(Information)
(* Let $P\in\Delta_{\mathcal{T},\mathcal{X},\mathcal{Y}}$ and suppose $|\mathcal{T}|<\min\{|\mathcal{X}|,|\mathcal{Y}|\}$. If there exists a maximizer of $H_Q(T\mid X,Y)$ over $Q\in\Delta_P$ with full support $\mathcal{T}\times\mathcal{X}\times\mathcal{Y}$, then the maximizer is not unique.
   Context: $T,X,Y$ are random variables with finite state spaces $\mathcal{T},\mathcal{X},\mathcal{Y}$; $\Delta_{\mathcal{T},\mathcal{X},\mathcal{Y}}$ is the set of all joint distributions on $\mathcal{T}\times\mathcal{X}\times\mathcal{Y}$. For $P\in\Delta_{\mathcal{T},\mathcal{X},\mathcal{Y}}$, $\Delta_P=\{Q\in\Delta_{\mathcal{T},\mathcal{X},\mathcal{Y}}: Q(X=x,T=t)=P(X=x,T=t),\ Q(Y=y,T=t)=P(Y=y,T=t)\ \forall x,y,t\}$. $H_Q(T\mid X,Y)$ is the conditional entropy under $Q$. *)

theory Defs
  imports "HOL-Analysis.Analysis"
begin

definition is_dist :: "('t::finite \<times> 'x::finite \<times> 'y::finite \<Rightarrow> real) \<Rightarrow> bool" where
  "is_dist Q \<longleftrightarrow> (\<forall>z. 0 \<le> Q z) \<and> (\<Sum>z\<in>UNIV. Q z) = 1"

definition Delta_P :: "('t::finite \<times> 'x::finite \<times> 'y::finite \<Rightarrow> real) \<Rightarrow> ('t \<times> 'x \<times> 'y \<Rightarrow> real) set" where
  "Delta_P P = {Q. is_dist Q \<and>
      (\<forall>t x. (\<Sum>y\<in>UNIV. Q (t, x, y)) = (\<Sum>y\<in>UNIV. P (t, x, y))) \<and>
      (\<forall>t y. (\<Sum>x\<in>UNIV. Q (t, x, y)) = (\<Sum>x\<in>UNIV. P (t, x, y)))}"

text \<open>Natural logarithm (the base does not affect maximizers).\<close>

definition cond_entropy :: "('t::finite \<times> 'x::finite \<times> 'y::finite \<Rightarrow> real) \<Rightarrow> real" where
  "cond_entropy Q = - (\<Sum>(t, x, y)\<in>UNIV.
      if Q (t, x, y) = 0 then 0
      else Q (t, x, y) * ln (Q (t, x, y) / (\<Sum>t'\<in>UNIV. Q (t', x, y))))"

end

theory Submission
  imports Defs
begin

text \<open>
  At a maximizer Q0 of full support, the first-order condition along every direction D that
  preserves the (T,X) and (T,Y) marginals says that D is orthogonal to ln Q0(t | x,y). Testing
  it with D = delta_t * (delta_x - delta_x0) * (delta_y - delta_y0) forces the factorization
  Q0(t,x,y) = Q0(x,y) * alpha(t,x) * beta(t,y). Since |T| < |X| and |T| < |Y|, there are nonzero
  u, v with sum_x u(x) alpha(t,x) = 0 and sum_y v(y) beta(t,y) = 0 for every t. Multiplying Q0 by
  1 + e u(x) v(y) / Q0(x,y) preserves both marginals and every conditional Q0(t | x,y), so the
  conditional entropy is linear in e with slope given by the first-order sum, i.e. zero; for
  small e > 0 this is a second maximizer.
\<close>

lemma sum_UNIV_triple:
  fixes f :: "'t::finite \<times> 'x::finite \<times> 'y::finite \<Rightarrow> 'a::comm_monoid_add"
  shows "(\<Sum>z\<in>UNIV. f z) = (\<Sum>t\<in>UNIV. \<Sum>x\<in>UNIV. \<Sum>y\<in>UNIV. f (t, x, y))"
  by (simp add: sum.cartesian_product flip: UNIV_Times_UNIV)

definition xy_marginal :: "('t::finite \<times> 'x \<times> 'y \<Rightarrow> real) \<Rightarrow> 'x \<Rightarrow> 'y \<Rightarrow> real" where
  "xy_marginal Q x y = (\<Sum>t\<in>UNIV. Q (t, x, y))"

lemma xy_marginal_pos: "\<forall>z. Q z > 0 \<Longrightarrow> xy_marginal Q x y > 0"
  unfolding xy_marginal_def by (intro sum_pos) auto

lemma cond_entropy_eq_of_pos:
  assumes "\<forall>z. Q z > 0"
  shows "cond_entropy Q = - (\<Sum>(t, x, y)\<in>UNIV. Q (t, x, y) * ln (Q (t, x, y) / xy_marginal Q x y))"
  using assms unfolding cond_entropy_def xy_marginal_def
  by (intro arg_cong[where f = uminus] sum.cong) (auto simp: less_imp_neq[symmetric])

lemma cond_entropy_scale_xy:
  assumes "\<forall>z. Q z > 0" and "\<forall>x y. w x y > 0"
  shows "cond_entropy (\<lambda>(t, x, y). w x y * Q (t, x, y))
    = - (\<Sum>(t, x, y)\<in>UNIV. w x y * Q (t, x, y) * ln (Q (t, x, y) / xy_marginal Q x y))"
proof -
  have "xy_marginal (\<lambda>(t, x, y). w x y * Q (t, x, y)) x y = w x y * xy_marginal Q x y" for x y
    by (simp add: xy_marginal_def sum_distrib_left)
  with assms show ?thesis
    by (subst cond_entropy_eq_of_pos) (auto simp: mult_pos_pos less_imp_neq[symmetric])
qed

lemma eventually_perturbation_pos:
  fixes f g :: "'a::finite \<Rightarrow> real"
  assumes "\<forall>z. f z > 0"
  shows "\<forall>\<^sub>F e in nhds 0. \<forall>z. f z + e * g z > 0"
proof (intro eventually_all_finite)
  fix z
  have "((\<lambda>e. f z + e * g z) \<longlongrightarrow> f z) (nhds 0)"
    by (auto intro!: tendsto_eq_intros filterlim_ident)
  then show "\<forall>\<^sub>F e in nhds 0. f z + e * g z > 0"
    using assms by (auto intro: order_tendstoD)
qed

lemma perturbation_in_Delta_P:
  assumes "Q \<in> Delta_P P"
    and "\<forall>t x. (\<Sum>y\<in>UNIV. D (t, x, y)) = 0"
    and "\<forall>t y. (\<Sum>x\<in>UNIV. D (t, x, y)) = 0"
    and "\<forall>z. Q z + D z \<ge> 0"
  shows "(\<lambda>z. Q z + D z) \<in> Delta_P P"
proof -
  have "(\<Sum>z\<in>UNIV. D z) = 0"
    using assms(2) by (simp add: sum_UNIV_triple)
  with assms show ?thesis
    by (auto simp: Delta_P_def is_dist_def sum.distrib)
qed

lemma cond_entropy_directional_derivative:
  fixes Q D :: "'t::finite \<times> 'x::finite \<times> 'y::finite \<Rightarrow> real"
  assumes pos: "\<forall>z. Q z > 0"
  shows "((\<lambda>e. cond_entropy (\<lambda>z. Q z + e * D z)) has_real_derivative
      - (\<Sum>(t, x, y)\<in>UNIV. D (t, x, y) * ln (Q (t, x, y) / xy_marginal Q x y))) (at 0)"
proof -
  define S where "S = xy_marginal Q"
  define Dt where "Dt = xy_marginal D"
  define G where "G e = - (\<Sum>t\<in>UNIV. \<Sum>x\<in>UNIV. \<Sum>y\<in>UNIV.
      (Q (t, x, y) + e * D (t, x, y)) * (ln (Q (t, x, y) + e * D (t, x, y)) - ln (S x y + e * Dt x y)))"
    for e
  have S_pos: "S x y > 0" for x y
    using pos by (simp add: S_def xy_marginal_pos)
  have Q_nz: "Q z \<noteq> 0" for z
    using pos by (metis less_irrefl)
  have "\<forall>\<^sub>F e in nhds 0. cond_entropy (\<lambda>z. Q z + e * D z) = G e"
    using eventually_perturbation_pos[OF pos, of D]
  proof eventually_elim
    case (elim e)
    have "xy_marginal (\<lambda>z. Q z + e * D z) x y = S x y + e * Dt x y" for x y
      by (simp add: xy_marginal_def S_def Dt_def sum.distrib sum_distrib_left)
    moreover have "xy_marginal (\<lambda>z. Q z + e * D z) x y > 0" for x y
      using elim by (intro xy_marginal_pos) auto
    ultimately show ?case
      using elim by (simp add: cond_entropy_eq_of_pos G_def sum_UNIV_triple ln_div less_imp_neq[symmetric])
  qed
  moreover have "(G has_real_derivative - (\<Sum>t\<in>UNIV. \<Sum>x\<in>UNIV. \<Sum>y\<in>UNIV.
      D (t, x, y) * (ln (Q (t, x, y)) - ln (S x y)) + (D (t, x, y) - Q (t, x, y) * Dt x y / S x y))) (at 0)"
    unfolding G_def using pos S_pos Q_nz
    by (auto intro!: derivative_eq_intros sum.cong simp: field_simps)
  \<comment> \<open>The term coming from the marginal vanishes because \<open>\<Sum>t. Q (t, x, y) = S x y\<close>.\<close>
  moreover have "(\<Sum>t\<in>UNIV. \<Sum>x\<in>UNIV. \<Sum>y\<in>UNIV. D (t, x, y) - Q (t, x, y) * Dt x y / S x y) = 0"
  proof -
    have marginal: "(\<Sum>t\<in>UNIV. Q (t, x, y) * Dt x y / S x y) = Dt x y" for x y
      using S_pos[of x y] by (simp add: S_def xy_marginal_def flip: sum_divide_distrib sum_distrib_right)
    have "(\<Sum>t\<in>UNIV. \<Sum>x\<in>UNIV. \<Sum>y\<in>UNIV. D (t, x, y) - Q (t, x, y) * Dt x y / S x y)
        = (\<Sum>x\<in>UNIV. \<Sum>y\<in>UNIV. \<Sum>t\<in>UNIV. D (t, x, y) - Q (t, x, y) * Dt x y / S x y)"
      by (subst sum.swap) (intro sum.cong refl sum.swap)
    also have "\<dots> = 0"
      using marginal by (simp add: sum_subtractf Dt_def xy_marginal_def)
    finally show ?thesis .
  qed
  moreover have "(\<Sum>(t, x, y)\<in>UNIV. D (t, x, y) * ln (Q (t, x, y) / xy_marginal Q x y))
      = (\<Sum>t\<in>UNIV. \<Sum>x\<in>UNIV. \<Sum>y\<in>UNIV. D (t, x, y) * (ln (Q (t, x, y)) - ln (S x y)))"
    using Q_nz less_imp_neq[OF S_pos, symmetric] by (simp add: sum_UNIV_triple ln_div S_def)
  ultimately show ?thesis
    by (simp add: DERIV_cong_ev sum.distrib)
qed

lemma cond_entropy_max_first_order:
  fixes P Q0 D :: "'t::finite \<times> 'x::finite \<times> 'y::finite \<Rightarrow> real"
  assumes Q0: "Q0 \<in> Delta_P P"
    and max: "\<forall>Q\<in>Delta_P P. cond_entropy Q \<le> cond_entropy Q0"
    and pos: "\<forall>z. Q0 z > 0"
    and D_tx: "\<forall>t x. (\<Sum>y\<in>UNIV. D (t, x, y)) = 0"
    and D_ty: "\<forall>t y. (\<Sum>x\<in>UNIV. D (t, x, y)) = 0"
  shows "(\<Sum>(t, x, y)\<in>UNIV. D (t, x, y) * ln (Q0 (t, x, y) / xy_marginal Q0 x y)) = 0"
proof -
  define H where "H e = cond_entropy (\<lambda>z. Q0 z + e * D z)" for e
  have "\<forall>\<^sub>F e in nhds 0. H e \<le> H 0"
    using eventually_perturbation_pos[OF pos, of D]
  proof eventually_elim
    case (elim e)
    have "(\<lambda>z. Q0 z + e * D z) \<in> Delta_P P"
      using Q0 D_tx D_ty elim
      by (intro perturbation_in_Delta_P) (auto simp: less_imp_le simp flip: sum_distrib_left)
    then show ?case
      using max by (simp add: H_def)
  qed
  then have "\<forall>\<^sub>F e in at 0. H e \<le> H 0"
    by (simp add: eventually_at_filter eventually_mono)
  from fun_cong[OF has_derivative_local_max[OF cond_entropy_directional_derivative[OF pos,
        of D, folded H_def, unfolded has_field_derivative_def] this], of 1]
  show ?thesis
    by simp
qed

lemma sum_delta_diff:
  fixes f :: "'a::finite \<Rightarrow> real"
  shows "(\<Sum>z\<in>UNIV. (of_bool (z = a) - of_bool (z = b)) * f z) = f a - f b"
  by (simp add: left_diff_distrib sum_subtractf)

(What you have to do) When a line in the records holds the string "define", copy that line.

(Expected answer)
  define S where "S = xy_marginal Q"
  define Dt where "Dt = xy_marginal D"
  define G where "G e = - (\<Sum>t\<in>UNIV. \<Sum>x\<in>UNIV. \<Sum>y\<in>UNIV.
  define H where "H e = cond_entropy (\<lambda>z. Q0 z + e * D z)" for e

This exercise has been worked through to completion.